Click here to view the 10 Questions For David Seymour website, with questions (and answers!) being added between 12 July and 25 July.

#5 What is the error rate of medical diagnosis?

  • The diagnosis is wrong 10–15% of the time.” A diverse range of research into this issue over the past several decades suggests that this range is very much on target (p.1).
  • Winters, Bradford et al (2012, p. 894) note, in a paper published in the British Medical Journal, that 28% of autopsies report at least one misdiagnosis.
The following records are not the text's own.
(*
  Everything reduces to representatives of the Martindale quotient: f is X-inner iff some
  nonzero left R-linear map phi on a dense ideal J satisfies phi (a * f r) = phi a * r.

  (a) For commutative R the values of such a phi are annihilated by every r - f r. Conversely,
  the annihilator A of (id - f)(R) is an ideal fixed pointwise by f, because (x - f x)^2 = 0 for
  x in A and a commutative semiprime ring has no nilpotents; and an ideal I fixed by f yields a
  representative, the projection of the dense ideal I + ann I (a direct sum) onto I.
  (b) If R is moreover regular, a nonzero a in such an ideal gives the idempotent e = a x with
  a x a = a, and eR is again such an ideal.
  (c) In a regular ring take b in J with phi b ~= 0 and the idempotent g = y b, b y b = b. Then
  p = phi g is nonzero and satisfies p x = f x * p on the corner g' R g', where g' = f^-1 g.
  A quasi-inverse of p produces an idempotent e' with p e' = p and w p = e', and u = p,
  v = e' w (f e') implement f between the corners e' R e' and (f e') R (f e').
*)

section \<open>Ideals and ring automorphisms\<close>

lemma rideal_zero: "rideal I \<Longrightarrow> 0 \<in> I"
  and rideal_add: "rideal I \<Longrightarrow> a \<in> I \<Longrightarrow> b \<in> I \<Longrightarrow> a + b \<in> I"
  and rideal_uminus: "rideal I \<Longrightarrow> a \<in> I \<Longrightarrow> - a \<in> I"
  and rideal_mult_left: "rideal I \<Longrightarrow> a \<in> I \<Longrightarrow> r * a \<in> I"
  and rideal_mult_right: "rideal I \<Longrightarrow> a \<in> I \<Longrightarrow> a * r \<in> I"
  unfolding rideal_def by auto

lemma rideal_diff: "rideal I \<Longrightarrow> a \<in> I \<Longrightarrow> b \<in> I \<Longrightarrow> a - b \<in> I"
  by (metis diff_conv_add_uminus rideal_add rideal_uminus)

lemma rideal_UNIV: "rideal UNIV"
  unfolding rideal_def by simp

lemma rideal_Int: "rideal I \<Longrightarrow> rideal J \<Longrightarrow> rideal (I \<inter> J)"
  unfolding rideal_def by auto

lemma rideal_ann_comm:
  fixes S :: "'a::ring_1 set"
  assumes comm: "\<And>x y::'a. x * y = y * x"
  shows "rideal (ann S)"
  unfolding rideal_def ann_def
proof (intro conjI ballI allI; clarify)
  fix a r s assume "\<forall>s\<in>S. s * a = 0" "s \<in> S"
  then have "s * a = 0" by blast
  then show "s * (r * a) = 0" "s * (a * r) = 0"
    by (metis comm mult.assoc mult_zero_right mult_zero_left)+
qed (auto simp: distrib_left)

lemma rideal_principal_comm:
  fixes e :: "'a::ring_1"
  assumes comm: "\<And>x y::'a. x * y = y * x"
  shows "rideal (range ((*) e))"
  unfolding rideal_def
proof (intro conjI ballI allI)
  show "0 \<in> range ((*) e)" by (metis mult_zero_right rangeI)
  fix a b r assume "a \<in> range ((*) e)" "b \<in> range ((*) e)"
  then obtain s t where "a = e * s" "b = e * t" by blast
  then have "a + b = e * (s + t)" "- a = e * (- s)" "r * a = e * (r * s)" "a * r = e * (s * r)"
    by (simp_all add: distrib_left mult.assoc) (metis comm mult.assoc)
  then show "a + b \<in> range ((*) e)" "- a \<in> range ((*) e)"
    "r * a \<in> range ((*) e)" "a * r \<in> range ((*) e)" by (metis rangeI)+
qed

definition ideal_sum :: "'a::ring_1 set \<Rightarrow> 'a set \<Rightarrow> 'a set" where
  "ideal_sum I J = {i + j |i j. i \<in> I \<and> j \<in> J}"

lemma rideal_ideal_sum:
  assumes I: "rideal I" and J: "rideal J"
  shows "rideal (ideal_sum I J)"
  unfolding rideal_def ideal_sum_def
proof (intro conjI ballI allI; clarify?)
  show "\<exists>i j. 0 = i + j \<and> i \<in> I \<and> j \<in> J" using I J rideal_zero by force
  fix i j i' j' r assume ij: "i \<in> I" "j \<in> J" and ij': "i' \<in> I" "j' \<in> J"
  show "\<exists>a b. i + j + (i' + j') = a + b \<and> a \<in> I \<and> b \<in> J"
    using ij ij' I J by (intro exI[of _ "i + i'"] exI[of _ "j + j'"]) (simp add: rideal_add algebra_simps)
  show "\<exists>a b. - (i + j) = a + b \<and> a \<in> I \<and> b \<in> J"
    using ij I J by (intro exI[of _ "- i"] exI[of _ "- j"]) (simp add: rideal_uminus)
  show "\<exists>a b. r * (i + j) = a + b \<and> a \<in> I \<and> b \<in> J"
    using ij I J by (intro exI[of _ "r * i"] exI[of _ "r * j"]) (simp add: rideal_mult_left distrib_left)
  show "\<exists>a b. (i + j) * r = a + b \<and> a \<in> I \<and> b \<in> J"
    using ij I J by (intro exI[of _ "i * r"] exI[of _ "j * r"]) (simp add: rideal_mult_right distrib_right)
qed

lemma ideal_sum_subset_left: "rideal J \<Longrightarrow> I \<subseteq> ideal_sum I J"
  and ideal_sum_subset_right: "rideal I \<Longrightarrow> J \<subseteq> ideal_sum I J"
  unfolding ideal_sum_def by (force dest: rideal_zero)+

lemma ring_automorphism_add: "ring_automorphism f \<Longrightarrow> f (x + y) = f x + f y"
  and ring_automorphism_mult: "ring_automorphism f \<Longrightarrow> f (x * y) = f x * f y"
  and ring_automorphism_bij: "ring_automorphism f \<Longrightarrow> bij f"
  unfolding ring_automorphism_def by auto

lemma ring_automorphism_zero: "ring_automorphism f \<Longrightarrow> f 0 = 0"
  using ring_automorphism_add[of f 0 0] by simp

lemma ring_automorphism_diff: "ring_automorphism f \<Longrightarrow> f (x - y) = f x - f y"
  using ring_automorphism_add[of f "x - y" y] by (simp add: algebra_simps)

lemma ring_automorphism_inv_apply: "ring_automorphism f \<Longrightarrow> f (inv f y) = y"
  by (simp add: ring_automorphism_bij bij_is_surj surj_f_inv_f)

lemma ring_automorphism_inj: "ring_automorphism f \<Longrightarrow> inj f"
  by (simp add: ring_automorphism_bij bij_is_inj)

lemma dense_ideal_rideal: "dense_ideal K \<Longrightarrow> rideal K"
  unfolding dense_ideal_def by simp

lemma dense_ideal_cancel_left:
  fixes x y :: "'a::ring_1"
  assumes "dense_ideal K" and "\<And>c. c \<in> K \<Longrightarrow> c * x = c * y"
  shows "x = y"
proof -
  have "\<forall>c\<in>K. c * (x - y) = 0" using assms(2) by (simp add: right_diff_distrib)
  then show ?thesis using assms(1) unfolding dense_ideal_def by auto
qed

lemma dense_ideal_UNIV: "dense_ideal UNIV"
  unfolding dense_ideal_def using rideal_UNIV by (metis UNIV_I mult_1)

lemma dense_ideal_Int:
  assumes I: "dense_ideal I" and J: "dense_ideal J"
  shows "dense_ideal (I \<inter> J)"
  unfolding dense_ideal_def
proof (intro conjI allI impI)
  show "rideal (I \<inter> J)" using I J by (simp add: dense_ideal_rideal rideal_Int)
  fix x assume x: "\<forall>a\<in>I \<inter> J. a * x = 0"
  have "j * x = 0" if "j \<in> J" for j
  proof (rule dense_ideal_cancel_left[OF I])
    fix i assume "i \<in> I"
    then have "i * j \<in> I \<inter> J"
      using \<open>j \<in> J\<close> I J by (simp add: dense_ideal_rideal rideal_mult_left rideal_mult_right)
    then show "i * (j * x) = i * 0" using x by (simp add: mult.assoc[symmetric])
  qed
  then show "x = 0" using J unfolding dense_ideal_def by blast
qed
An autopsy-confirmed study of 500 cases between 1959 and 1999/2000 (2012, p. 159) showed that in spite of the progress in diagnostic technology, the rate of false-positive diagnoses (people falsely diagnosed as having a particular condition) increased between 1959 and 1999/2000 from 7% to 15%.
  • A study of doctors’ prognoses (the medical prediction of the course of a disease over time) for terminally Ill patients found that only 20% of predictions were accurate – that is, within 33% of actual survival time.
  • To qualify for assisted suicide under Oregon’s “Death With Dignity Act” a doctor needs to determine that a person will die within six months, the same provision found in David Seymour’s Bill. In Oregon, the range of days between request and death over the period 1998-2015 is 14 to 1009 days (p.11). This means that at least one person judged eligible for assisted suicide on the basis they would die within six months survived for 2 years and 9 months.

 

Conclusion: Medical diagnosis is widely accepted as being wrong in at least 10-15% of cases and medical prognoses are inaccurate up to 80% of the time. Under the Bill that David Seymour has drafted, significant numbers of patients could decide to end their lives in error because of a misdiagnosis, and doctors would be asked to make claims about a patient’s prognosis which they cannot possibly substantiate with a high degree of accuracy.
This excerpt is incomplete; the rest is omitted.